= Capital Education Group =

Capital Education Group (CEG) is the operator of American schools and programs for children and adolescents with autism and other specialized learning needs. Capital Education Group's stated mission is, "To change lives through leadership in education." The organization aspires to become the nation's leading manager of private schools and programs for children with autism and other specialized learning needs.

==History==
Headquartered in Washington, D.C., Capital Education Group operates schools and programs throughout Maryland, Virginia and Chicago. The organization was founded in 2009 by Erik Heyer, a social entrepreneur who had been on the founding team of Victory Schools, a national leader in the charter school and public education reform movements Capital Education is a portfolio company of Novak Biddle Venture Partners (NBVP)

==Programs==
Capital Education aims to create national model programs and schools. The organization operates three programs.

1. The Auburn School, which is a school for students with social and communication challenges. Auburn currently has three campuses: Herndon, Virginia; Silver Spring, Maryland and Baltimore, Maryland.
2. Camp Aristotle, which is a summer camp focused on exploratory learning, for students with social and communication challenges. The focus of the camp is to encourage social interaction amongst the campers who may have struggled in the past with social situations.
3. Little Leaves Behavioral Services, which provides therapy to children with autism spectrum disorders and related conditions. The approach is based on the principles of Applied Behavior Analysis (ABA).

==Recognition==
During 2010 Global Entrepreneurship Week, Capital Education Group was recognized by the National Venture Capital Association, as exemplifying entrepreneurship in education.
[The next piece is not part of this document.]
(* Let $\mathcal A$ be a linear time-invariant algorithm with state-space realization $(A,B,C,D)$ and oracle map $\phi$. If $\mathcal A$ converges to a fixed point $(y^\star,u^\star,x^\star)$, then for every $n\ge1$ its repetition $\mathcal A^n$ converges to the fixed point $(y',u',x^\star)$, where $y'=(y^\star,\dots,y^\star)$ and $u'=(u^\star,\dots,u^\star)$ consist of $n$ stacked copies of $y^\star$ and $u^\star$ respectively.
   Context: The algorithm $\mathcal A$ generates $x^{k+1}=Ax^k+Bu^k$, $y^k=Cx^k+Du^k$, $u^k=\phi(y^k)$. A fixed point of $\mathcal A$ is a triple $(y^\star,u^\star,x^\star)$ with $x^\star=Ax^\star+Bu^\star$, $y^\star=Cx^\star+Du^\star$, $u^\star=\phi(y^\star)$. The repetition $\mathcal A^n$ performs $n$ iterations of $\mathcal A$ as one iteration; its state is that of $\mathcal A$ and its oracle arguments/outputs in one iteration are $(y^{nk},\dots,y^{nk+n-1})$ and $(u^{nk},\dots,u^{nk+n-1})$ stacked; its realization is state matrix $A^n$, input matrix $[A^{n-1}B,\dots,AB,B]$, output matrix with block rows $C,CA,\dots,CA^{n-1}$, and feedthrough matrix with $(r,s)$ block $CA^{r-s-1}B$ for $r>s$, $D$ for $r=s$, $0$ for $r<s$; a fixed point of it is defined analogously (with oracle map $\phi$ applied blockwise). *)

theory Defs
  imports "Jordan_Normal_Form.Matrix"
begin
In 2010, Capital Education Group was also honored by the Venture Capital Journal as one of the nation's Top 20 Most Promising Startups. Capital was the only Washington, DC area company to make the list, ranking 14th overall. While most of the start-ups listed were Silicon Valley Tech Companies, Capital Education was selected for its unique focus on schools and programs for students with autism and other specialized learning needs.